Data:
________
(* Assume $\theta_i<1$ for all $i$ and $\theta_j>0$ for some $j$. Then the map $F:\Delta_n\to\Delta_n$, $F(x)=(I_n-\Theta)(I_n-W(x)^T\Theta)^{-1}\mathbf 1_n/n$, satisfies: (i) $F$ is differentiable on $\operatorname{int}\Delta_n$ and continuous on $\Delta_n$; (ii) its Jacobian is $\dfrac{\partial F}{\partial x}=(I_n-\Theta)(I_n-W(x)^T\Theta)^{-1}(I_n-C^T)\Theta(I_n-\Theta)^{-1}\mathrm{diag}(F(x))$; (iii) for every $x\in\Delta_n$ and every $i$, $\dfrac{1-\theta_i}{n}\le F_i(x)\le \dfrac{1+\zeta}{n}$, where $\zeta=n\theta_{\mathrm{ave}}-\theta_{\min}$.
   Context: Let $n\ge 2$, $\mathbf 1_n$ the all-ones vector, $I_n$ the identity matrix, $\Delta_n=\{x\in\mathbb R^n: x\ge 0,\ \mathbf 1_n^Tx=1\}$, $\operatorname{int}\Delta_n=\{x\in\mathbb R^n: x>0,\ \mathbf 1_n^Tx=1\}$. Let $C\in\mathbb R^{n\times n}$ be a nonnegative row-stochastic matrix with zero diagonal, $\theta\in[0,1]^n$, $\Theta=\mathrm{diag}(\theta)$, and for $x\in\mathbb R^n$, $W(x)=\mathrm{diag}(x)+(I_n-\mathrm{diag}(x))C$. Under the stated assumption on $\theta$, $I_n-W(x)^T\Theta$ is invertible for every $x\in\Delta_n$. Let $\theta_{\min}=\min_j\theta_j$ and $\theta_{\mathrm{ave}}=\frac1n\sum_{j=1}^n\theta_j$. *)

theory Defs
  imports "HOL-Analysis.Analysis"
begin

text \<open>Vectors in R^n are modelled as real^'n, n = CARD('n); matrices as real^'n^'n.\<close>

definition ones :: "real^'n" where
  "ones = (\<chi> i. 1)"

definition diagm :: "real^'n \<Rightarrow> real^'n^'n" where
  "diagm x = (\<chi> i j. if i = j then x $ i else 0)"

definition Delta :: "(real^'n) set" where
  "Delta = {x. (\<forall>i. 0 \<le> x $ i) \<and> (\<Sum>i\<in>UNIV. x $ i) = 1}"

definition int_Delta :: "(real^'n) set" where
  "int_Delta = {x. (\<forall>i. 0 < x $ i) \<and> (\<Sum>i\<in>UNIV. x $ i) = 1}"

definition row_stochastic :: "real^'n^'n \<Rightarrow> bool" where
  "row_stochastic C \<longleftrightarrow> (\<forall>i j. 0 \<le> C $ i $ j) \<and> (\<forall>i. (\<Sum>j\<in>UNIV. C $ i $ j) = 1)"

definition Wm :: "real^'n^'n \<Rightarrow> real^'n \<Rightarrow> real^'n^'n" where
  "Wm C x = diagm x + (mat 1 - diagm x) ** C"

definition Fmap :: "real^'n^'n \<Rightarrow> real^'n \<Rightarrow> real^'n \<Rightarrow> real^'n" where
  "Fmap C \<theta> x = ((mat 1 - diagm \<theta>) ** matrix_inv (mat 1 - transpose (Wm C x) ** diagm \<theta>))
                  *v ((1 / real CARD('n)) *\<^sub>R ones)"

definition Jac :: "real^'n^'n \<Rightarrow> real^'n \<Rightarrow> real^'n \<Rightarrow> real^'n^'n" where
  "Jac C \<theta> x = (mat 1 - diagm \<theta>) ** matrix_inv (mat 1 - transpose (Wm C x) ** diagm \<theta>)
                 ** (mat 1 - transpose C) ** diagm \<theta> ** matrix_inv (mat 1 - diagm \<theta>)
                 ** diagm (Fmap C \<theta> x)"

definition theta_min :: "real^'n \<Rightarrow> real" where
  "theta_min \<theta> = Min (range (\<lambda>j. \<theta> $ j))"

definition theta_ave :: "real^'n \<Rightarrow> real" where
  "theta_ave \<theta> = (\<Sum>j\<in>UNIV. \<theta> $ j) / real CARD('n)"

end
________
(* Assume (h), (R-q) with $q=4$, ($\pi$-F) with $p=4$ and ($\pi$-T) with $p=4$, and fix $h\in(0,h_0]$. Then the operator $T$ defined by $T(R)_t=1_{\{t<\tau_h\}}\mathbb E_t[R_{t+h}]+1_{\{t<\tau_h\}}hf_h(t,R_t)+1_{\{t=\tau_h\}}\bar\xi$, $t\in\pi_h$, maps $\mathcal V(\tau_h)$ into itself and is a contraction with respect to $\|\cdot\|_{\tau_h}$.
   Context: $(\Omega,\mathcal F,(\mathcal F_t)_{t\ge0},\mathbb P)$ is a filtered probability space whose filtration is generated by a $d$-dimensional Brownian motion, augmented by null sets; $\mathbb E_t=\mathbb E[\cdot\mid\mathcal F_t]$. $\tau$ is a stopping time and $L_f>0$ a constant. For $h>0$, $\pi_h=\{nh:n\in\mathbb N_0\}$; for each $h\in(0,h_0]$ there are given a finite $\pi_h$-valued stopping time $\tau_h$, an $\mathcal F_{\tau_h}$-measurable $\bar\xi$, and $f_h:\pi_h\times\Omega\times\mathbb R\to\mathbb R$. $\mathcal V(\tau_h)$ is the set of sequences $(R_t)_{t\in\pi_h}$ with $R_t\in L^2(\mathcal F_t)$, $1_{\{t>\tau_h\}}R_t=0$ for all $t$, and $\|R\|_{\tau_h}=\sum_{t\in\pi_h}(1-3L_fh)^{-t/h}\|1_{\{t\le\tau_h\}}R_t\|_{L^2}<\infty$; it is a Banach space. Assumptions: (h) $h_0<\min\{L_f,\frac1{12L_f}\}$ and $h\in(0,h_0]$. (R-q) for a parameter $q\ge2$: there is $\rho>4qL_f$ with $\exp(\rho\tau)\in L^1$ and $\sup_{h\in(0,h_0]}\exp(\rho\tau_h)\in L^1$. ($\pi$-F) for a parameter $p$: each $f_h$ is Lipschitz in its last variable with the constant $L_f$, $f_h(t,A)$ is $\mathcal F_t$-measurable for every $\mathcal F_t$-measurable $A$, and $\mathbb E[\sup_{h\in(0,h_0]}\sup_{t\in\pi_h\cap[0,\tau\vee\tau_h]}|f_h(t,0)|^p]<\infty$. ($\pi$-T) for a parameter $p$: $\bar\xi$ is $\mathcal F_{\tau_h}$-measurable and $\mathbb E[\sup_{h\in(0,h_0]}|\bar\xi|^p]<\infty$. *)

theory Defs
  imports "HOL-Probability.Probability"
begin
________
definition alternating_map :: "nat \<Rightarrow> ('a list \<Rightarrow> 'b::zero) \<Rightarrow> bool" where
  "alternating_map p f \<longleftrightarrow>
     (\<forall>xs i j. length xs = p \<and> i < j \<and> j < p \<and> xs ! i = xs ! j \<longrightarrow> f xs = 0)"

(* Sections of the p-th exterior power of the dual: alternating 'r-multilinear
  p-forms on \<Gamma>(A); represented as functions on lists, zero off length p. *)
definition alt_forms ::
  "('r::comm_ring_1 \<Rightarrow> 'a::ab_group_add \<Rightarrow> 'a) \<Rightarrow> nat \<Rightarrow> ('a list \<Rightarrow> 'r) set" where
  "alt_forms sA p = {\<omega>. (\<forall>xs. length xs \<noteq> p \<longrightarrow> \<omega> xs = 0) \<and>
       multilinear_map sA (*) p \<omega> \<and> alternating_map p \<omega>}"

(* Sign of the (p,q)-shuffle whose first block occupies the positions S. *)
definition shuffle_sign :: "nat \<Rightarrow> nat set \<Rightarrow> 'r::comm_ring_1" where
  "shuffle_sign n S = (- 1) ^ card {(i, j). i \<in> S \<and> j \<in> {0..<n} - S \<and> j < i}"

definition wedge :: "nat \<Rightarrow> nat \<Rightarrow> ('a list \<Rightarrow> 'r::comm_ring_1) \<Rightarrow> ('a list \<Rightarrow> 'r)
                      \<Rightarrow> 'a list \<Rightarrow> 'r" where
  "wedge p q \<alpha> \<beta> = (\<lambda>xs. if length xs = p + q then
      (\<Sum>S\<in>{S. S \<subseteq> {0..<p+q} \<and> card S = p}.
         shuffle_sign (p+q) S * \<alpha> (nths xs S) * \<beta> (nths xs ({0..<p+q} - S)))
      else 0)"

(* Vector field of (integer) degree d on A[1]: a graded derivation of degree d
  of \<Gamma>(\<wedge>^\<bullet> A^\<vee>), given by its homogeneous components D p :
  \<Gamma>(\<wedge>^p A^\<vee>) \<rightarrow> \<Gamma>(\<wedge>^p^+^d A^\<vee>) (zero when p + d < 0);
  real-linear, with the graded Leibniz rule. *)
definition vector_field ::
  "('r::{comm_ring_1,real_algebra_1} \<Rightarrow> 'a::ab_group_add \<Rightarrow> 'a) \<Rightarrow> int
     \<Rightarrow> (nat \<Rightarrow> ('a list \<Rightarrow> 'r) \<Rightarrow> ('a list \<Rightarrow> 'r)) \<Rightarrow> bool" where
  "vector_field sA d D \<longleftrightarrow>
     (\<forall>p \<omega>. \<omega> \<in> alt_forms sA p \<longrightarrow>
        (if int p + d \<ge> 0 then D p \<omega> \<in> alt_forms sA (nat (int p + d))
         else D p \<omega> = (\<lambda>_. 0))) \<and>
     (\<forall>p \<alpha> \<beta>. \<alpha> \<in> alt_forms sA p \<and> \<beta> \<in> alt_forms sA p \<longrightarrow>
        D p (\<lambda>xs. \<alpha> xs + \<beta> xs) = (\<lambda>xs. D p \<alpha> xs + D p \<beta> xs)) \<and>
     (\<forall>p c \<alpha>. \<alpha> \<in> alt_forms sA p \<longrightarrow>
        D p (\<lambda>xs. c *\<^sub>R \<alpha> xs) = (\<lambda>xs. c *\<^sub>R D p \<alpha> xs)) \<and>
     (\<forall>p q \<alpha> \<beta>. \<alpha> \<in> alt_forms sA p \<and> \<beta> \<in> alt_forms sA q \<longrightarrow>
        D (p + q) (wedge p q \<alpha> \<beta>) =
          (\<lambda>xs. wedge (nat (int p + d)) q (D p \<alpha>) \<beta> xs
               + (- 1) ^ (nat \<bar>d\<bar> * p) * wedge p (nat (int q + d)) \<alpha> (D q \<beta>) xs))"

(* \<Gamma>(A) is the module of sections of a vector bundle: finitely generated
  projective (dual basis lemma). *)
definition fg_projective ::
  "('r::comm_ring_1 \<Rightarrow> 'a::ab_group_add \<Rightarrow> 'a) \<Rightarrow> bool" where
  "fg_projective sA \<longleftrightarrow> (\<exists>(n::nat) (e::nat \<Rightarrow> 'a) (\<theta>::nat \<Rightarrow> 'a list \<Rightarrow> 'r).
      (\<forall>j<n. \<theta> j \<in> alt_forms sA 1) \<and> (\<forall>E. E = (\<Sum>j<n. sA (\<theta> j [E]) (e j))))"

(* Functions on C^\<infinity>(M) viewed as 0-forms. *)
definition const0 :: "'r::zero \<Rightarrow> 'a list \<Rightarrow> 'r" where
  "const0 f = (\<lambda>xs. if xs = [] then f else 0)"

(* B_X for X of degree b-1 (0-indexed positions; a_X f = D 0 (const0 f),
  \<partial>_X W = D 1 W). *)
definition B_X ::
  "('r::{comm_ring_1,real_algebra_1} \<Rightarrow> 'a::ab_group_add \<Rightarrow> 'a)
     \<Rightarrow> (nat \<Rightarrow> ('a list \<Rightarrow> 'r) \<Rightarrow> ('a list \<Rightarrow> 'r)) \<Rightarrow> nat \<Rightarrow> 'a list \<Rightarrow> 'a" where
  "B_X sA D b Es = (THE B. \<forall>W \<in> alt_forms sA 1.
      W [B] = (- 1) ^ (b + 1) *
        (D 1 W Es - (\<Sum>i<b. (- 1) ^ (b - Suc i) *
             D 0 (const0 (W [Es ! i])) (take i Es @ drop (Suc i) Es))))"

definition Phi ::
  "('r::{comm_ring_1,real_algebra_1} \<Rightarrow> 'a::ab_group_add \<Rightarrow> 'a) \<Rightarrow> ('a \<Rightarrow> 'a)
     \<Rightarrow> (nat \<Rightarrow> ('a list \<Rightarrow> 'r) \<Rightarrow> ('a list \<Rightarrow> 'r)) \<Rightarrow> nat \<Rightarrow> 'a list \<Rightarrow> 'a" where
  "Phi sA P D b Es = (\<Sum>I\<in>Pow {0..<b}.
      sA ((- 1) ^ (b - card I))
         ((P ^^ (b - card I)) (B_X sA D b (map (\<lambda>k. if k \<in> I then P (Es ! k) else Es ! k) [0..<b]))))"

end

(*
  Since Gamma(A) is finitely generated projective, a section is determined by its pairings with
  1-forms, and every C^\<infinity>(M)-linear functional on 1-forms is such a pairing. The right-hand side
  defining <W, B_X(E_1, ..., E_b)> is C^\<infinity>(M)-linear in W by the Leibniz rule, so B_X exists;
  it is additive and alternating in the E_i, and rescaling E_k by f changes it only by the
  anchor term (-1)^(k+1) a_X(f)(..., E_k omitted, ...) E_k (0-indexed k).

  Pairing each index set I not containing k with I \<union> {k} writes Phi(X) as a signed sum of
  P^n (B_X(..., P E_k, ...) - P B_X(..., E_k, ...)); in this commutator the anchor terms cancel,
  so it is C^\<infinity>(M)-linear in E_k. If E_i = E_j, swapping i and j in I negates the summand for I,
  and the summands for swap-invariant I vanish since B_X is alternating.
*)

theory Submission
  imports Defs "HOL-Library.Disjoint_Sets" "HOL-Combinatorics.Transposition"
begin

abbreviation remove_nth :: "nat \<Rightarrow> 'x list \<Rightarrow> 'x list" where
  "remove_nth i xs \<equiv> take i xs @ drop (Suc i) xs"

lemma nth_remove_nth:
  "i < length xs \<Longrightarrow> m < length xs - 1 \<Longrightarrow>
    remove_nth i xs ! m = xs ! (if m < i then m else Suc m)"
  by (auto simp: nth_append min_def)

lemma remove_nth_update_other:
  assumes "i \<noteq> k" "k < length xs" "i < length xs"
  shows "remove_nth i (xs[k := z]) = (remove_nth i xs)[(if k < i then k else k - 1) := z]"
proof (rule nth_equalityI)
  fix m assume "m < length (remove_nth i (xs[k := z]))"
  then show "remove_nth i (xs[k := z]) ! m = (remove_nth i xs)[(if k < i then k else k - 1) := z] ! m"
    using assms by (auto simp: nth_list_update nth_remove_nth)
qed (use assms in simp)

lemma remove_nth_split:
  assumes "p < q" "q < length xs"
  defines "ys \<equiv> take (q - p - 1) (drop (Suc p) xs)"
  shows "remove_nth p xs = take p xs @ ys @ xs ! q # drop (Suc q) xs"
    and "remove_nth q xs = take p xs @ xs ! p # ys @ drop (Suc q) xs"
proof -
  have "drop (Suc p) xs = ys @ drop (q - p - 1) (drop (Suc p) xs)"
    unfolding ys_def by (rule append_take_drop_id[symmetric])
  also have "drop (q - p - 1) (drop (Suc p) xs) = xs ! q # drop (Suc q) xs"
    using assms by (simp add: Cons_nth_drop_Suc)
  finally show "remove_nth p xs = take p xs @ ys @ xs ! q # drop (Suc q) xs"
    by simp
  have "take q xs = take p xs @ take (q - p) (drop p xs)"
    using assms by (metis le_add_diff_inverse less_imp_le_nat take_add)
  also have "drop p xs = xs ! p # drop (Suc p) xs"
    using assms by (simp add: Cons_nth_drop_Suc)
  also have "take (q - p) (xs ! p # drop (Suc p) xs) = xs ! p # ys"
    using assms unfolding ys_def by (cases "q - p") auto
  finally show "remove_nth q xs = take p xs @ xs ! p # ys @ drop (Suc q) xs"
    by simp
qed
________
What you have to do:
Using the entries above, output exactly the lines between the line holding "(if int p +" and the line holding "(\<forall>p c \<alpha>.", end lines included, and nothing more.

Task answer:
        (if int p + d \<ge> 0 then D p \<omega> \<in> alt_forms sA (nat (int p + d))
         else D p \<omega> = (\<lambda>_. 0))) \<and>
     (\<forall>p \<alpha> \<beta>. \<alpha> \<in> alt_forms sA p \<and> \<beta> \<in> alt_forms sA p \<longrightarrow>
        D p (\<lambda>xs. \<alpha> xs + \<beta> xs) = (\<lambda>xs. D p \<alpha> xs + D p \<beta> xs)) \<and>
     (\<forall>p c \<alpha>. \<alpha> \<in> alt_forms sA p \<longrightarrow>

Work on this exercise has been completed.